section \<open>The quotient Gamma ((1 - s)/2) / Gamma (s/2)\<close>

lemma gudermann_numeric_bound:
  fixes t :: real
  assumes "1 \<le> t"
  shows "t * ((2/5) / (1 + t) + gudermann_const (1 / (1/4 + t^2)) / (1/4 + t^2) + (2/5) / (3/2 + t)) \<le> 4/3"
proof -
  define \<rho> where "\<rho> = 1 / (1/4 + t^2)"
  have "1 \<le> t^2" using assms by simp
  then have "0 \<le> \<rho>" by (simp add: \<rho>_def)
  have pos: "0 < 1/4 + t^2" by (simp add: add_pos_nonneg)
  have bound: "t * ((2/5) / (1 + t) + gudermann_const \<rho> / (1/4 + t^2) + (2/5) / (3/2 + t))
      \<le> 2/5 * b\<^sub>1 + gudermann_const R * m + 2/5 * b\<^sub>2"
    if "\<rho> \<le> R" "R < 1" "t / (1/4 + t^2) \<le> m" "t / (1 + t) \<le> b\<^sub>1" "t / (3/2 + t) \<le> b\<^sub>2"
    for R m b\<^sub>1 b\<^sub>2
  proof -
    have "gudermann_const \<rho> \<le> gudermann_const R"
      using that \<open>0 \<le> \<rho>\<close> by (intro gudermann_const_mono)
    moreover have "0 \<le> gudermann_const \<rho>" "0 \<le> t / (1/4 + t^2)"
      using \<open>0 \<le> \<rho>\<close> that(1,2) assms by (auto simp: gudermann_const_def)
    ultimately have "gudermann_const \<rho> * (t / (1/4 + t^2)) \<le> gudermann_const R * m"
      using that(3) by (meson mult_mono order_trans)
    moreover have "t * ((2/5) / (1 + t) + gudermann_const \<rho> / (1/4 + t^2) + (2/5) / (3/2 + t))
      = 2/5 * (t / (1 + t)) + gudermann_const \<rho> * (t / (1/4 + t^2)) + 2/5 * (t / (3/2 + t))"
      by (simp add: algebra_simps)
    ultimately show ?thesis using that(4,5) by linarith
  qed
  show ?thesis
  proof (cases "t \<le> 2")
    case True
    have "(4*t - 1) * (t - 1) \<ge> 0" using assms by simp
    then have m: "t / (1/4 + t^2) \<le> 4/5"
      unfolding pos_divide_le_eq[OF pos] by (simp add: algebra_simps power2_eq_square)
    have R: "\<rho> \<le> 4/5" using \<open>1 \<le> t^2\<close> by (simp add: \<rho>_def field_simps)
    have b: "t / (1 + t) \<le> 2/3" "t / (3/2 + t) \<le> 4/7" using True assms by (simp_all add: field_simps)
    have "t * ((2/5) / (1 + t) + gudermann_const \<rho> / (1/4 + t^2) + (2/5) / (3/2 + t))
        \<le> 2/5 * (2/3) + gudermann_const (4/5) * (4/5) + 2/5 * (4/7)"
      by (rule bound[OF R _ m b]) simp
    also have "\<dots> \<le> 4/3" by (simp add: gudermann_const_def power2_eq_square)
    finally show ?thesis by (simp add: \<rho>_def)
  next
    case False
    have "(8*t - 1) * (t - 2) \<ge> 0" using False by simp
    then have m: "t / (1/4 + t^2) \<le> 8/17"
      unfolding pos_divide_le_eq[OF pos] by (simp add: algebra_simps power2_eq_square)
    have "2^2 \<le> t^2" using False by (intro power_mono) auto
    then have R: "\<rho> \<le> 4/17" by (simp add: \<rho>_def field_simps)
    have b: "t / (1 + t) \<le> 1" "t / (3/2 + t) \<le> 1" using assms by simp_all
    have "t * ((2/5) / (1 + t) + gudermann_const \<rho> / (1/4 + t^2) + (2/5) / (3/2 + t))
        \<le> 2/5 * 1 + gudermann_const (4/17) * (8/17) + 2/5 * 1"
      by (rule bound[OF R _ m b]) simp
    also have "\<dots> \<le> 4/3" by (simp add: gudermann_const_def power2_eq_square)
    finally show ?thesis by (simp add: \<rho>_def)
  qed
qed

_PROBLEM TO SOLVE_
Locate and copy each line in the data above that includes the word "True".

_EXPECTED ANSWER_
    case True
    have b: "t / (1 + t) \<le> 2/3" "t / (3/2 + t) \<le> 4/7" using True assms by (simp_all add: field_simps)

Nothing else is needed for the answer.